Un “ciao” detto troppo di fretta al proprio marito, figlio, moglie, padre o madre, parole a cui nessuna delle vittime quella mattina diede peso. Era una mattina come tante, nel tiepido autunno statunitense.

Così, allo stesso modo, coloro che si trovavano seduti in quegli aerei di linea che verranno poi dirottati dagli stessi terroristi, non sapevano minimamente quanto fossero in realtà vicini a quel cielo che li avrebbe presto accolti tra le sue braccia. Si dirigevano inconsapevoli verso i loro sogni, verso il loro ufficio nella sede distaccata di un’altra città, a trovare i nonni, o semplicemente ad assaporare un’aria diversa da quella della propria casa.

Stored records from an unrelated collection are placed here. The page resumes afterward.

lemma demeaning_error_tendsto_0:
  assumes s: "0 < s" "s < 1" and mean0: "integral\<^sup>L M (Y 1) = 0" and beta: "beta_Y M Y \<longlonglongrightarrow> 0"
    and K: "\<And>z. z \<in> {0..1} \<Longrightarrow> \<bar>sig z\<bar> \<le> K" and lip: "C-lipschitz_on {0..1} mu"
  shows "((\<lambda>n. integral\<^sup>L M (demeaning_error sig mu Y s n)) \<longlongrightarrow> 0)
    (sequentially \<sqinter> principal {n. \<exists>l::nat. real l = real n powr s \<and> l dvd n})"
proof -
  let ?F = "sequentially \<sqinter> principal {n. \<exists>l::nat. real l = real n powr s \<and> l dvd n}"
  let ?c = "lag_moment M Y (\<lambda>x. x)"
  define g where "g n = 2 * (C * real n powr (s - 1))\<^sup>2
    + 4 * K\<^sup>2 * ((\<Sum>d<blk s n. \<bar>?c d\<bar>) / real (blk s n))" for n
  have "?c \<longlonglongrightarrow> 0"
    using lag_moment_tendsto_0[OF M Y stat _ square_integrable_Y1 _ beta] mean0 by simp
  then have "(\<lambda>L. (\<Sum>d<L. \<bar>?c d\<bar>) / real L) \<longlonglongrightarrow> 0"
    by (rule cesaro_abs_tendsto_0)
  moreover have "filterlim (blk s) at_top sequentially"
    unfolding blk_def
    by (rule filterlim_compose[OF filterlim_nat_sequentially
          filterlim_compose[OF filterlim_floor_sequentially filterlim_powr_sequentially[OF s(1)]]])
  ultimately have "(\<lambda>n. (\<Sum>d<blk s n. \<bar>?c d\<bar>) / real (blk s n)) \<longlonglongrightarrow> 0"
    by (rule filterlim_compose)
  moreover have "(\<lambda>n. real n powr (s - 1)) \<longlonglongrightarrow> 0"
    using s(2) by (intro tendsto_neg_powr filterlim_real_sequentially) simp
  ultimately have "g \<longlonglongrightarrow> 2 * (C * 0)\<^sup>2 + 4 * K\<^sup>2 * 0"
    unfolding g_def by (intro tendsto_intros)
  then have g: "(g \<longlongrightarrow> 0) ?F"
    by (intro tendsto_mono[OF inf_le1]) simp
  have "eventually (\<lambda>n. 0 \<le> integral\<^sup>L M (demeaning_error sig mu Y s n)
      \<and> integral\<^sup>L M (demeaning_error sig mu Y s n) \<le> g n) ?F"
    unfolding eventually_inf_principal eventually_sequentially
  proof (intro exI[of _ 1] allI impI)
    fix n :: nat assume n: "n \<ge> 1" and "n \<in> {n. \<exists>l::nat. real l = real n powr s \<and> l dvd n}"
    then obtain l :: nat where l: "real l = real n powr s" "l dvd n" by blast
    then have l1: "l \<ge> 1" and blk: "blk s n = l" using n by (auto simp: blk_def)
    have "real l / real n = real n powr (s - 1)"
      using l(1) n by (simp add: powr_diff)
    then have "C * real l / real n = C * real n powr (s - 1)"
      by (metis times_divide_eq_right)
    then have "integral\<^sup>L M (demeaning_error sig mu Y s n) \<le> g n"
      using integral_demeaning_error_le(2)[where sig=sig and mu=mu and s=s and K=K and C=C,
          OF n l1 blk l(2) K lip]
      unfolding g_def blk by simp
    moreover have "0 \<le> integral\<^sup>L M (demeaning_error sig mu Y s n)"
      unfolding demeaning_error_def by (intro Bochner_Integration.integral_nonneg) (simp add: sum_nonneg)
    ultimately show "0 \<le> integral\<^sup>L M (demeaning_error sig mu Y s n)
        \<and> integral\<^sup>L M (demeaning_error sig mu Y s n) \<le> g n"
      by simp
  qed
  then have "eventually (\<lambda>n. 0 \<le> integral\<^sup>L M (demeaning_error sig mu Y s n)) ?F"
    and "eventually (\<lambda>n. integral\<^sup>L M (demeaning_error sig mu Y s n) \<le> g n) ?F"
    by (simp_all add: eventually_conj_iff)
  then show ?thesis
    by (rule tendsto_sandwich[OF _ _ tendsto_const g])
qed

Chissà quante pagine di libri si sarebbero potute riempire con così tante storie da raccontare…

Quanti capitoli si sarebbero potuti scrivere, quanti sentimenti sarebbero trapelati da essi. Quelle pagine però, non verranno mai sfogliate; nessuno racconterà le emozioni, i sogni, le aspirazioni, pregi e difetti di queste persone.

Non ne conosciamo che il nome, soltanto di alcuni, ma soffriamo al solo sentirlo quasi come se li conoscessimo da una vita intera. Conosciamo il nome dei piloti degli aerei dirottati, degli equipaggi di volo, di coloro che ebbero il coraggio di ribellarsi a chi la vita la stava loro strappando via.

Conosciamo i volti di coloro che in quelle torri avevano costruito la propria carriera, coloro che accompagnavano lì i loro bambini a scuola, chi si recava in ufficio per lavorare chi per usufruire di un servizio, chi in giacca e cravatta chi con un’umilissima divisa da operaio.

Poco importa, però, chi fossero, cosa indossassero, cosa stessero facendo. Poco importa da dove venissero, il colore della loro pelle, cosa ci facessero lì in quel momento. La morte non è stata in grado di risparmiarli; alle 8.45 avviene il primo schianto di un aereo dirottato sulla torre Nord; soli quindici minuti più tardi, il calore delle fiamme avvolge crudele e indisturbato anche la torre Sud, colpita alle 9.05 da un secondo aereo dirottato.

L’esplosione, il colpo, il fuoco, il fumo e i detriti, poi il nulla. Chi grida. Chi piange. Chi invoca il proprio Dio di morire piuttosto che bruciare tra le fiamme. Chi chiama i propri cari salutandoli per sempre. Chi resta in silenzio, avvolto dal frastuono assordante di ciò che sta succedendo. Chi osserva tale terrore dall’altra parte del mondo, dallo schermo di una televisione, lontano, al sicuro. Chi già cerca il colpevole, chi sa benissimo di esserlo.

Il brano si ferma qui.